■ **Data supplied**:
theorem separating_blinfun:
  fixes A B :: "'v::real_normed_vector set"
  assumes A: "convex A" "A \<noteq> {}" and B: "convex B" "ball b0 r \<subseteq> B" "r > 0"
    and disjoint: "A \<inter> B = {}"
  obtains \<phi> :: "'v \<Rightarrow>\<^sub>L real" where "\<phi> \<noteq> 0" "\<And>a b. a \<in> A \<Longrightarrow> b \<in> B \<Longrightarrow> \<phi> a \<le> \<phi> b"
proof -
  obtain a0 where a0: "a0 \<in> A" using A by auto
  define K where "K = (\<Union>b\<in>B. \<Union>a\<in>A. {b - a})"
  define U where "U = (\<lambda>k. k - (b0 - a0)) ` K"
  have "convex U" unfolding U_def K_def
    by (intro convex_translation_subtract convex_differences A B)
  have ball: "ball 0 r \<subseteq> U"
  proof
    fix v :: 'v assume "v \<in> ball 0 r"
    then have "b0 + v \<in> B" using B(2) by (auto simp: dist_norm)
    then have "(b0 + v) - a0 \<in> K" unfolding K_def using a0 by blast
    then show "v \<in> U" unfolding U_def by (force intro: image_eqI[of _ _ "(b0 + v) - a0"])
  qed
  interpret U: absorbing_convex_set U
    using absorbing_convex_set_if_ball[OF \<open>convex U\<close> B(3) ball] .
  have "- (b0 - a0) \<notin> U"
    using disjoint unfolding U_def K_def by auto
  then obtain L where L: "linear L" "\<And>x. L x \<le> minkowski_gauge U x" "\<And>u. u \<in> U \<Longrightarrow> L u \<le> 1"
    "1 \<le> L (- (b0 - a0))"
    using U.separating_linear_functional by blast
  have "bounded_linear L"
    using bounded_linear_if_le_gauge[OF U.absorbing_convex_set_axioms B(3) ball L(1,2)] .
  then have apply_L: "(- Blinfun L) x = - L x" for x
    by (simp add: bounded_linear_Blinfun_apply uminus_blinfun.rep_eq)
  have L_K: "L k \<le> 0" if "k \<in> K" for k
  proof -
    have "L (k - (b0 - a0)) \<le> 1" using that L(3) unfolding U_def by blast
    then show ?thesis using L(4) by (simp add: linear_diff[OF L(1)] linear_neg[OF L(1)])
  qed
  show ?thesis
  proof (rule that[of "- Blinfun L"])
    show "- Blinfun L \<noteq> 0"
    proof
      assume "- Blinfun L = 0"
      then show False using apply_L[of "- (b0 - a0)"] L(4) by simp
    qed
    show "(- Blinfun L) a \<le> (- Blinfun L) b" if "a \<in> A" "b \<in> B" for a b
      using L_K[of "b - a"] that apply_L unfolding K_def by (auto simp: linear_diff[OF L(1)])
  qed
qed

section \<open>The Fenchel sum rule\<close>

lemma blinfun_eq_0_if_bounded_above:
  fixes \<phi> :: "'a::real_normed_vector \<Rightarrow>\<^sub>L real"
  assumes "\<And>z. \<phi> z \<le> c"
  shows "\<phi> = 0"
proof (rule blinfun_eqI, rule ccontr)
  fix z assume "blinfun_apply \<phi> z \<noteq> blinfun_apply 0 z"
  then have "\<phi> (((c + 1) / \<phi> z) *\<^sub>R z) = c + 1" by (simp add: blinfun.scaleR_right)
  then show False using assms[of "((c + 1) / \<phi> z) *\<^sub>R z"] by simp
qed

lemma blinfun_eq_0_if_nonneg_on_ball:
  fixes \<phi> :: "'a::real_normed_vector \<Rightarrow>\<^sub>L real"
  assumes "\<delta> > 0" and nonneg: "\<And>w. norm w < \<delta> \<Longrightarrow> 0 \<le> \<phi> w"
  shows "\<phi> = 0"
proof -
  have "0 \<le> \<phi> z" for z
  proof -
    define t where "t = \<delta> / (norm z + 1)"
    have "t > 0" using \<open>\<delta> > 0\<close> by (simp add: t_def add_nonneg_pos)
    moreover have "norm (t *\<^sub>R z) < \<delta>"
      using \<open>\<delta> > 0\<close> by (simp add: t_def divide_less_eq add_nonneg_pos)
    ultimately show ?thesis
      using nonneg[of "t *\<^sub>R z"] by (simp add: blinfun.scaleR_right zero_le_mult_iff)
  qed
  then have "- \<phi> = 0" by (intro blinfun_eq_0_if_bounded_above[of _ 0]) (auto simp: uminus_blinfun.rep_eq)
  then show ?thesis by simp
qed

lemma nonpos_if_multiples_bounded:
  fixes c K :: real
  assumes "\<And>t. t > 0 \<Longrightarrow> t * c \<le> K"
  shows "c \<le> 0"
proof (rule ccontr)
  assume "\<not> c \<le> 0"
  then have "((\<bar>K\<bar> + 1) / c) * c = \<bar>K\<bar> + 1" by simp
  then show False using assms[of "(\<bar>K\<bar> + 1) / c"] \<open>\<not> c \<le> 0\<close> by simp
qed

definition blinfun_horizontal :: "('a::real_normed_vector \<times> real) \<Rightarrow>\<^sub>L real \<Rightarrow> 'a \<Rightarrow>\<^sub>L real" where
  "blinfun_horizontal \<phi> = Blinfun (\<lambda>x. \<phi> (x, 0))"

lemma blinfun_horizontal_apply [simp]: "blinfun_horizontal \<phi> x = \<phi> (x, 0)"
proof -
  have "bounded_linear (\<lambda>x. \<phi> (x, 0))"
    by (intro bounded_linear_compose[OF blinfun.bounded_linear_right]
        bounded_linear_Pair bounded_linear_ident bounded_linear_zero)
  then show ?thesis unfolding blinfun_horizontal_def by (simp add: bounded_linear_Blinfun_apply)
qed

lemma blinfun_apply_Pair:
  fixes \<phi> :: "('a::real_normed_vector \<times> real) \<Rightarrow>\<^sub>L real"
  shows "\<phi> (x, r) = blinfun_horizontal \<phi> x + r * \<phi> (0, 1)"
proof -
  have "(x, r) = (x, 0) + r *\<^sub>R (0, 1)" by simp
  then show ?thesis by (metis blinfun.add_right blinfun.scaleR_right blinfun_horizontal_apply real_scaleR_def)
qed

lemma blinfun_eq_0_if_horizontal_vertical:
  fixes \<phi> :: "('a::real_normed_vector \<times> real) \<Rightarrow>\<^sub>L real"
  assumes "blinfun_horizontal \<phi> = 0" "\<phi> (0, 1) = 0"
  shows "\<phi> = 0"
  by (rule blinfun_eqI) (metis assms blinfun_apply_Pair mult_zero_right zero_blinfun.rep_eq add_0 prod.collapse)

lemma convex_hypograph:
  assumes "concave_on S f"
  shows "convex {(x, r). x \<in> S \<and> r \<le> f x}"
  unfolding convex_alt
proof (intro ballI allI impI)
  fix p q :: "'a \<times> real" and u :: real
  assume "p \<in> {(x, r). x \<in> S \<and> r \<le> f x}" "q \<in> {(x, r). x \<in> S \<and> r \<le> f x}" "0 \<le> u \<and> u \<le> 1"
  moreover have "convex S" using assms by (simp add: concave_on_def convex_on_def)
  ultimately show "(1 - u) *\<^sub>R p + u *\<^sub>R q \<in> {(x, r). x \<in> S \<and> r \<le> f x}"
    using concave_onD[OF assms, of u "fst p" "fst q"]
    by (auto simp: convexD_alt intro!: order_trans[OF add_mono[OF mult_left_mono mult_left_mono]])
qed

lemma convex_strict_epigraph:
  assumes "convex_on UNIV f"
  shows "convex {(x, r). f x < r}"
  unfolding convex_alt
proof (intro ballI allI impI)
  fix p q :: "'a \<times> real" and u :: real
  assume pq: "p \<in> {(x, r). f x < r}" "q \<in> {(x, r). f x < r}" and u: "0 \<le> u \<and> u \<le> 1"
  have "f ((1 - u) *\<^sub>R fst p + u *\<^sub>R fst q) \<le> (1 - u) * f (fst p) + u * f (fst q)"
    using convex_onD[OF assms] u by auto
  also have "\<dots> < (1 - u) * snd p + u * snd q"
  proof (cases "u = 0")
    case False
    then show ?thesis
      using pq u by (intro add_le_less_mono mult_left_mono mult_strict_left_mono) auto
  qed (use pq in auto)
  finally show "(1 - u) *\<^sub>R p + u *\<^sub>R q \<in> {(x, r). f x < r}" by (simp add: case_prod_beta)
qed

lemma split_bound:
  fixes a :: "'a \<Rightarrow> real" and b :: "'b \<Rightarrow> real"
  assumes "x0 \<in> D" and bound: "\<And>x z. x \<in> D \<Longrightarrow> a x + b z \<le> c"
  obtains T0 T1 where "\<And>x. x \<in> D \<Longrightarrow> a x \<le> T0" "\<And>z. b z \<le> T1" "T0 + T1 \<le> c"
proof -
  have bdd: "bdd_above (range b)"
    using bound[OF \<open>x0 \<in> D\<close>] by (intro bdd_aboveI[of _ "c - a x0"]) (auto simp: algebra_simps)
  show ?thesis
  proof (rule that[of "c - Sup (range b)" "Sup (range b)"])
    show "a x \<le> c - Sup (range b)" if "x \<in> D" for x
    proof -
      have "Sup (range b) \<le> c - a x" using bound[OF that] by (intro cSup_least) (auto simp: algebra_simps)
      then show ?thesis by linarith
    qed
  qed (auto intro: cSup_upper[OF _ bdd])
qed

lemma open_strict_epigraph:
  fixes h :: "'a::topological_space \<Rightarrow> real"
  assumes "continuous_on UNIV h"
  shows "open {(z, r). h z < r}"
proof -
  have "continuous_on UNIV (\<lambda>p. h (fst p))"
    using continuous_on_compose[OF continuous_on_fst[OF continuous_on_id] assms[THEN continuous_on_subset]]
    by (simp add: comp_def)
  then have "open {p. h (fst p) < snd p}" by (intro open_Collect_less continuous_intros)
  moreover have "{p. h (fst p) < snd p} = {(z, r). h z < r}" by auto
  ultimately show ?thesis by simp
qed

■ **Required action**: Exactly and only the lines from the one containing "qed (auto intro: cSup_upper[OF _ bdd])" to the end of the entries above are to be written out.

■ **Task solution**:
  qed (auto intro: cSup_upper[OF _ bdd])
qed

lemma open_strict_epigraph:
  fixes h :: "'a::topological_space \<Rightarrow> real"
  assumes "continuous_on UNIV h"
  shows "open {(z, r). h z < r}"
proof -
  have "continuous_on UNIV (\<lambda>p. h (fst p))"
    using continuous_on_compose[OF continuous_on_fst[OF continuous_on_id] assms[THEN continuous_on_subset]]
    by (simp add: comp_def)
  then have "open {p. h (fst p) < snd p}" by (intro open_Collect_less continuous_intros)
  moreover have "{p. h (fst p) < snd p} = {(z, r). h z < r}" by auto
  ultimately show ?thesis by simp
qed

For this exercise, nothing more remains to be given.